**Work to be completed:** Your answer must hold only the lines below from the line containing "Context: An oval" through the line containing "(\<forall>s. h s", each reproduced exactly.

**Records for the task:**
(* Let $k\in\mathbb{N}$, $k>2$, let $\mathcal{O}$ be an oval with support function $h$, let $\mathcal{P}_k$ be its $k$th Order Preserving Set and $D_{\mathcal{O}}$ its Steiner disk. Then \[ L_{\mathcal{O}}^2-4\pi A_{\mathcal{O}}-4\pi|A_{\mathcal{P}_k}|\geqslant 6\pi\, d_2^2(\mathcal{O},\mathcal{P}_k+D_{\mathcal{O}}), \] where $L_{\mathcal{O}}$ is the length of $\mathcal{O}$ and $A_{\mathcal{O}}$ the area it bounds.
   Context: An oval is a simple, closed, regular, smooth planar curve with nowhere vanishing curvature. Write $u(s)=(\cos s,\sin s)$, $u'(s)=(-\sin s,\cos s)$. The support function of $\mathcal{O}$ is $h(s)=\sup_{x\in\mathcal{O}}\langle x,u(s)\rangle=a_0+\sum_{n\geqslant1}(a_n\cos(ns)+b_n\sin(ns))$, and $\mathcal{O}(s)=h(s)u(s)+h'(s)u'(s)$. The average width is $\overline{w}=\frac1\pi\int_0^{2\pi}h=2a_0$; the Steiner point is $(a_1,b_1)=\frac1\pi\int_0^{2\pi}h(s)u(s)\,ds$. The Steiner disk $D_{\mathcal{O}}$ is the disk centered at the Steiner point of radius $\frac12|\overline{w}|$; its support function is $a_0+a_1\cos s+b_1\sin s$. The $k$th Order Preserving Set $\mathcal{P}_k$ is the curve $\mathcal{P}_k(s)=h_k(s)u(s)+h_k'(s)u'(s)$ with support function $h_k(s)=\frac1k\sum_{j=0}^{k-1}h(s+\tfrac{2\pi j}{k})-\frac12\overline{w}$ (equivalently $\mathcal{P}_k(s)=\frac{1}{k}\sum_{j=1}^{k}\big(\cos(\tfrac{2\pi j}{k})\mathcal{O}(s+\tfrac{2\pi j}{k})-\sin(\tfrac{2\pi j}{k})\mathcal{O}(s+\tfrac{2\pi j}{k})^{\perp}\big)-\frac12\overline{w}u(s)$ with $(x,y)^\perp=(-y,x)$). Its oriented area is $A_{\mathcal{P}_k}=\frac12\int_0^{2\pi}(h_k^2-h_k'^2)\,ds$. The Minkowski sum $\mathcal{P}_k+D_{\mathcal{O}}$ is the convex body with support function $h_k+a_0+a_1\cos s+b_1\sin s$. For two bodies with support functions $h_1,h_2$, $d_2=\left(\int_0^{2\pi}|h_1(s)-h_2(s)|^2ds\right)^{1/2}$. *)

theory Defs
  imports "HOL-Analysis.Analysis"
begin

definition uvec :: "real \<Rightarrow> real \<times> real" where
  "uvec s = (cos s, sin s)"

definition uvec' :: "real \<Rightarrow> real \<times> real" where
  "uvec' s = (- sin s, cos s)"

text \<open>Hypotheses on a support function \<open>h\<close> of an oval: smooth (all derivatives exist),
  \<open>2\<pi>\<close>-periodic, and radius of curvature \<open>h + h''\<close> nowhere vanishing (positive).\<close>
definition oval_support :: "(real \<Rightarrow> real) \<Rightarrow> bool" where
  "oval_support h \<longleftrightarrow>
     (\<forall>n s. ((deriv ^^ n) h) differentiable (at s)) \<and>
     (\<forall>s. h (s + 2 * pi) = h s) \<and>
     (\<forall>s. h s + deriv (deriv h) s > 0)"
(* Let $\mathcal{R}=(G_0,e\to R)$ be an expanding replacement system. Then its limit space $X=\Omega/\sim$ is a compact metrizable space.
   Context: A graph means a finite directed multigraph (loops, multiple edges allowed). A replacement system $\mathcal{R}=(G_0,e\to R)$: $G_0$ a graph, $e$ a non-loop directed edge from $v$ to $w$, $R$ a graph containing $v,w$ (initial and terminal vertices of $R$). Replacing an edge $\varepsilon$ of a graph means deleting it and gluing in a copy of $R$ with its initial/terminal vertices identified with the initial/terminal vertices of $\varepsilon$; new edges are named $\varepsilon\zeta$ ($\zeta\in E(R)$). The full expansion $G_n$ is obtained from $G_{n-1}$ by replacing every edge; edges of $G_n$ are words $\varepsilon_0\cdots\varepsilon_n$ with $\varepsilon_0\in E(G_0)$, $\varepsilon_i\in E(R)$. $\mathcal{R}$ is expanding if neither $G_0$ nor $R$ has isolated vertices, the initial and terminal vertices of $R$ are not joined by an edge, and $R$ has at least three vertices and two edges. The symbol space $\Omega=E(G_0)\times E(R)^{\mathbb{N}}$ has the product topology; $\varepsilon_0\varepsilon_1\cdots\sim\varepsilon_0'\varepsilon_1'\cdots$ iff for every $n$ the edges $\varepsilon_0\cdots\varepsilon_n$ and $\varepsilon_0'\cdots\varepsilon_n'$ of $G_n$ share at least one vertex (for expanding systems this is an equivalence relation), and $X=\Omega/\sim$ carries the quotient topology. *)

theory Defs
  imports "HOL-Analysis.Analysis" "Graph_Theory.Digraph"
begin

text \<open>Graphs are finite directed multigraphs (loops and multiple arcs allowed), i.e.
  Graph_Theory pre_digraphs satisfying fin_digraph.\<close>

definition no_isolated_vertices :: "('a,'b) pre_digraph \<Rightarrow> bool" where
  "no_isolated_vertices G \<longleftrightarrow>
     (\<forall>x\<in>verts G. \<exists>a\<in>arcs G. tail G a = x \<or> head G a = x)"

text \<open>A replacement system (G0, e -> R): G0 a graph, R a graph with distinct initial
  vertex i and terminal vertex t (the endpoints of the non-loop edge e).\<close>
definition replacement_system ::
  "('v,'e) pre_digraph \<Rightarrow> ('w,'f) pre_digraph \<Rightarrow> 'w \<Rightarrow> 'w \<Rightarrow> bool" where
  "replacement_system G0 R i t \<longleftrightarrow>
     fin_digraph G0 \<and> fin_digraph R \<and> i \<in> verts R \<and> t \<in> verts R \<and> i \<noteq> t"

**Worked solution:**
   Context: An oval is a simple, closed, regular, smooth planar curve with nowhere vanishing curvature. Write $u(s)=(\cos s,\sin s)$, $u'(s)=(-\sin s,\cos s)$. The support function of $\mathcal{O}$ is $h(s)=\sup_{x\in\mathcal{O}}\langle x,u(s)\rangle=a_0+\sum_{n\geqslant1}(a_n\cos(ns)+b_n\sin(ns))$, and $\mathcal{O}(s)=h(s)u(s)+h'(s)u'(s)$. The average width is $\overline{w}=\frac1\pi\int_0^{2\pi}h=2a_0$; the Steiner point is $(a_1,b_1)=\frac1\pi\int_0^{2\pi}h(s)u(s)\,ds$. The Steiner disk $D_{\mathcal{O}}$ is the disk centered at the Steiner point of radius $\frac12|\overline{w}|$; its support function is $a_0+a_1\cos s+b_1\sin s$. The $k$th Order Preserving Set $\mathcal{P}_k$ is the curve $\mathcal{P}_k(s)=h_k(s)u(s)+h_k'(s)u'(s)$ with support function $h_k(s)=\frac1k\sum_{j=0}^{k-1}h(s+\tfrac{2\pi j}{k})-\frac12\overline{w}$ (equivalently $\mathcal{P}_k(s)=\frac{1}{k}\sum_{j=1}^{k}\big(\cos(\tfrac{2\pi j}{k})\mathcal{O}(s+\tfrac{2\pi j}{k})-\sin(\tfrac{2\pi j}{k})\mathcal{O}(s+\tfrac{2\pi j}{k})^{\perp}\big)-\frac12\overline{w}u(s)$ with $(x,y)^\perp=(-y,x)$). Its oriented area is $A_{\mathcal{P}_k}=\frac12\int_0^{2\pi}(h_k^2-h_k'^2)\,ds$. The Minkowski sum $\mathcal{P}_k+D_{\mathcal{O}}$ is the convex body with support function $h_k+a_0+a_1\cos s+b_1\sin s$. For two bodies with support functions $h_1,h_2$, $d_2=\left(\int_0^{2\pi}|h_1(s)-h_2(s)|^2ds\right)^{1/2}$. *)

theory Defs
  imports "HOL-Analysis.Analysis"
begin

definition uvec :: "real \<Rightarrow> real \<times> real" where
  "uvec s = (cos s, sin s)"

definition uvec' :: "real \<Rightarrow> real \<times> real" where
  "uvec' s = (- sin s, cos s)"

text \<open>Hypotheses on a support function \<open>h\<close> of an oval: smooth (all derivatives exist),
  \<open>2\<pi>\<close>-periodic, and radius of curvature \<open>h + h''\<close> nowhere vanishing (positive).\<close>
definition oval_support :: "(real \<Rightarrow> real) \<Rightarrow> bool" where
  "oval_support h \<longleftrightarrow>
     (\<forall>n s. ((deriv ^^ n) h) differentiable (at s)) \<and>
     (\<forall>s. h (s + 2 * pi) = h s) \<and>
     (\<forall>s. h s + deriv (deriv h) s > 0)"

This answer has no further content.